**WHAT IS EXPECTED:** Copy out each line of the listing below where the string "then" appears.

________________________

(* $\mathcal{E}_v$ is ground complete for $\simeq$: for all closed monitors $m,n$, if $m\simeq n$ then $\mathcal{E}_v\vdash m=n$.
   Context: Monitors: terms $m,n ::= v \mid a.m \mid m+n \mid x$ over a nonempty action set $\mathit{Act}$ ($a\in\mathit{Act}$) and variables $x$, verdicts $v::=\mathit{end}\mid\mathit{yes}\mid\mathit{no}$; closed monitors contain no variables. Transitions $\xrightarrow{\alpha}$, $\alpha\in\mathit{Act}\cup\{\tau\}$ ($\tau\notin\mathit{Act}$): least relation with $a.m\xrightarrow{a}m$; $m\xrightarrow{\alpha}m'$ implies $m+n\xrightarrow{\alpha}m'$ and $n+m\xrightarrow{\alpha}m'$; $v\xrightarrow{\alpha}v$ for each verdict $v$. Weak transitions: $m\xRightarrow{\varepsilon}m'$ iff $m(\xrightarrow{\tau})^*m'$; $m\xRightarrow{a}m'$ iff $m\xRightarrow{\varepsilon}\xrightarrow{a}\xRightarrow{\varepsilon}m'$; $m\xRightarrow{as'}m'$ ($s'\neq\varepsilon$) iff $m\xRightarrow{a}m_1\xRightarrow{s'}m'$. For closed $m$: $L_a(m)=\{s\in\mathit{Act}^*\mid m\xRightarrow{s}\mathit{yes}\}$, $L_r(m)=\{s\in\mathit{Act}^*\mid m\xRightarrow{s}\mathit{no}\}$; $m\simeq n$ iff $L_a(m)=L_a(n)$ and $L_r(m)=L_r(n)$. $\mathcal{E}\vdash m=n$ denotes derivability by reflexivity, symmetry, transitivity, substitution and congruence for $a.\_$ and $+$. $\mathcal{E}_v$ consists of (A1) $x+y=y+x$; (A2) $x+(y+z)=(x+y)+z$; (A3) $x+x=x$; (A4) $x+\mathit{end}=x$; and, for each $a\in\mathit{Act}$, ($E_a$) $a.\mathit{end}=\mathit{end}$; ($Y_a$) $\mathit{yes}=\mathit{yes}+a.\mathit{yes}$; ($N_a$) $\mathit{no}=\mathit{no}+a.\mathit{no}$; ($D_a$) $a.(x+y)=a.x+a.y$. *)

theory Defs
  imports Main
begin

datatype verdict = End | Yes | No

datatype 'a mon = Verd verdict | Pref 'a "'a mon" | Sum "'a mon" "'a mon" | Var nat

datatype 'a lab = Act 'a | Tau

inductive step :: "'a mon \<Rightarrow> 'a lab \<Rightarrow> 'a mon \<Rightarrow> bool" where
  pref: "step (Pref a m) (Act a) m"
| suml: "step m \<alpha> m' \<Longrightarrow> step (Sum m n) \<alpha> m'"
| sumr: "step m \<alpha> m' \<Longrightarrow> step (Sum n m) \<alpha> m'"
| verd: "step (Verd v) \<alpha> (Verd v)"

________________________

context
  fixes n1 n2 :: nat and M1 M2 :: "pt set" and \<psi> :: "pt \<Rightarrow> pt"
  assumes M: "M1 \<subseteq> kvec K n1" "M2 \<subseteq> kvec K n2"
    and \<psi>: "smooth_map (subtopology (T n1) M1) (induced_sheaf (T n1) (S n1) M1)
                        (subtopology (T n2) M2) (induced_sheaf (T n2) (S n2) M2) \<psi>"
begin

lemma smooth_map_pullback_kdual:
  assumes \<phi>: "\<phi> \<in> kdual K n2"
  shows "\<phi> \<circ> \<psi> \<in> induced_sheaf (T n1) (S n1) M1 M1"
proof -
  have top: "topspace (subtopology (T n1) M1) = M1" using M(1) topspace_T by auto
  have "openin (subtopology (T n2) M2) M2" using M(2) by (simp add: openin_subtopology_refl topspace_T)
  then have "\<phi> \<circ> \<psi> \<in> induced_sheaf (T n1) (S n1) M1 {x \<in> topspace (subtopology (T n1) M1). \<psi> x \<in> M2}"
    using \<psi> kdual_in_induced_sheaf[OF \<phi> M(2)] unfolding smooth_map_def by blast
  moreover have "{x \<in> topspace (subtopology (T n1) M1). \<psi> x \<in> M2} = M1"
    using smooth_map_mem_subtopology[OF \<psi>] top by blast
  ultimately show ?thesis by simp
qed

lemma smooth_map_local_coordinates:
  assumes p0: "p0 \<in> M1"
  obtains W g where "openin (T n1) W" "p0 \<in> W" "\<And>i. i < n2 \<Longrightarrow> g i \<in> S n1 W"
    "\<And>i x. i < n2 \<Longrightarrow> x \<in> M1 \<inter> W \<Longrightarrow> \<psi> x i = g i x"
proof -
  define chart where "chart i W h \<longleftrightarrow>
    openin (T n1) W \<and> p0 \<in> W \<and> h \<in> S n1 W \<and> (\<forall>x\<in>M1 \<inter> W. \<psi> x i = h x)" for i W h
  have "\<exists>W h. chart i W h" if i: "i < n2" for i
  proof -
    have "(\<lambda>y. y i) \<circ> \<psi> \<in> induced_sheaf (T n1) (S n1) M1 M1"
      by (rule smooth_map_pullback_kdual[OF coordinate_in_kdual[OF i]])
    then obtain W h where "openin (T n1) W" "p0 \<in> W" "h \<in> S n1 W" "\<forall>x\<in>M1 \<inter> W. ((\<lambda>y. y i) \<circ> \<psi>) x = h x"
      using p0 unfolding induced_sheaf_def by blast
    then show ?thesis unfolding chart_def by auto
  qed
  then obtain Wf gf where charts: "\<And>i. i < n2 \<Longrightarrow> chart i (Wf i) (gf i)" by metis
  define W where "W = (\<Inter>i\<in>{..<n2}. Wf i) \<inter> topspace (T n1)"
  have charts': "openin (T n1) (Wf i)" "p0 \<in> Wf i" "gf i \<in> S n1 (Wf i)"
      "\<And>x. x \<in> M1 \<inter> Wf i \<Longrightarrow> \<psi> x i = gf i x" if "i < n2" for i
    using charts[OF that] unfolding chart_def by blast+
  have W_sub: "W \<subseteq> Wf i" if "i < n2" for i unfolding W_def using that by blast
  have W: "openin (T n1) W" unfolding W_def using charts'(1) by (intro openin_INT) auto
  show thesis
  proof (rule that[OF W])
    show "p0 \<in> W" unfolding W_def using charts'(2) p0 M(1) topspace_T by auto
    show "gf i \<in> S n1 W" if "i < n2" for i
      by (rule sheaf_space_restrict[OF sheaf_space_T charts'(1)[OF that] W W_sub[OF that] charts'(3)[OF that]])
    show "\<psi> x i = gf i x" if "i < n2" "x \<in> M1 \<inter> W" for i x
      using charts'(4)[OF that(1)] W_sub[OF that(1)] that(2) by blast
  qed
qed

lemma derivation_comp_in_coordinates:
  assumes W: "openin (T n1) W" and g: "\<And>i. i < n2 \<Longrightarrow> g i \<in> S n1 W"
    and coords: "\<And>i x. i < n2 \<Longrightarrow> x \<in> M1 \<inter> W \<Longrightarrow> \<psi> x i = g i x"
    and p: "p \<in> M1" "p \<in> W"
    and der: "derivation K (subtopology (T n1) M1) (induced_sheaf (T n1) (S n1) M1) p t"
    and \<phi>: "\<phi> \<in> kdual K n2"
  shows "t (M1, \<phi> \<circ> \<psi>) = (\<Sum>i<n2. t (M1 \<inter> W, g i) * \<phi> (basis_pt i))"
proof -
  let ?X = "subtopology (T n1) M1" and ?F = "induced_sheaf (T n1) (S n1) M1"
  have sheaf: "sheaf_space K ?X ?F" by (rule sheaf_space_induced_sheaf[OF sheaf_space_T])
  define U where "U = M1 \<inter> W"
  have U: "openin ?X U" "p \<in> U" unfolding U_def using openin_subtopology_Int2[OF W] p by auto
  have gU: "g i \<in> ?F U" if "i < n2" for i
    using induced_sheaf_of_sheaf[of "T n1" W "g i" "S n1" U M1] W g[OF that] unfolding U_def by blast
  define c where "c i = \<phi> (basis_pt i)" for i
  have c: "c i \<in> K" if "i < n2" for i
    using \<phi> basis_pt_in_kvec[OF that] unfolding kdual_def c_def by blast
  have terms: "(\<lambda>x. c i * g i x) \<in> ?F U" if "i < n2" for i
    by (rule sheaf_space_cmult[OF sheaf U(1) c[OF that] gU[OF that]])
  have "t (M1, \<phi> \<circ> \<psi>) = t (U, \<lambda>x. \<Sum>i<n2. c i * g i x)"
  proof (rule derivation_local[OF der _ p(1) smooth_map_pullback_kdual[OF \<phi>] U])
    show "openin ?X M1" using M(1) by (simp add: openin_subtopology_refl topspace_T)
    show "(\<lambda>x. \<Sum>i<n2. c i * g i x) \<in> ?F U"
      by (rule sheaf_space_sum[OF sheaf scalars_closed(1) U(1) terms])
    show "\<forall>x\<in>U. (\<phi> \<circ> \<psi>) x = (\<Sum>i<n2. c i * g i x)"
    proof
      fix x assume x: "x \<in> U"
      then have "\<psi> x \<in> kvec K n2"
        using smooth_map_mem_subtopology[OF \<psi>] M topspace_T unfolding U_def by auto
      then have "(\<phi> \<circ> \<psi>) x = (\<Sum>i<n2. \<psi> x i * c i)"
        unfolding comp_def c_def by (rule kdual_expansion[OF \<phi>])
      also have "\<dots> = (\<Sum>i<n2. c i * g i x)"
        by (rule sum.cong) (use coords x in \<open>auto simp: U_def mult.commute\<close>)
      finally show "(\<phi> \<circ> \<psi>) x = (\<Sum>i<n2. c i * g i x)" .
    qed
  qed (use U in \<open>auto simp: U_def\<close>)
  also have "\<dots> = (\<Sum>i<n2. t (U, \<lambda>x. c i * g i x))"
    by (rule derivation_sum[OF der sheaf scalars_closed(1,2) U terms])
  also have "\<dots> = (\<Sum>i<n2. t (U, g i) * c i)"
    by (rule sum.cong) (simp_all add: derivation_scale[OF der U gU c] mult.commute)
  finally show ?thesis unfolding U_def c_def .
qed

________________________

**THE COMPLETED TASK:**
(* $\mathcal{E}_v$ is ground complete for $\simeq$: for all closed monitors $m,n$, if $m\simeq n$ then $\mathcal{E}_v\vdash m=n$.
  then have "\<phi> \<circ> \<psi> \<in> induced_sheaf (T n1) (S n1) M1 {x \<in> topspace (subtopology (T n1) M1). \<psi> x \<in> M2}"
    then obtain W h where "openin (T n1) W" "p0 \<in> W" "h \<in> S n1 W" "\<forall>x\<in>M1 \<inter> W. ((\<lambda>y. y i) \<circ> \<psi>) x = h x"
    then show ?thesis unfolding chart_def by auto
  then obtain Wf gf where charts: "\<And>i. i < n2 \<Longrightarrow> chart i (Wf i) (gf i)" by metis
      then have "\<psi> x \<in> kvec K n2"
      then have "(\<phi> \<circ> \<psi>) x = (\<Sum>i<n2. \<psi> x i * c i)"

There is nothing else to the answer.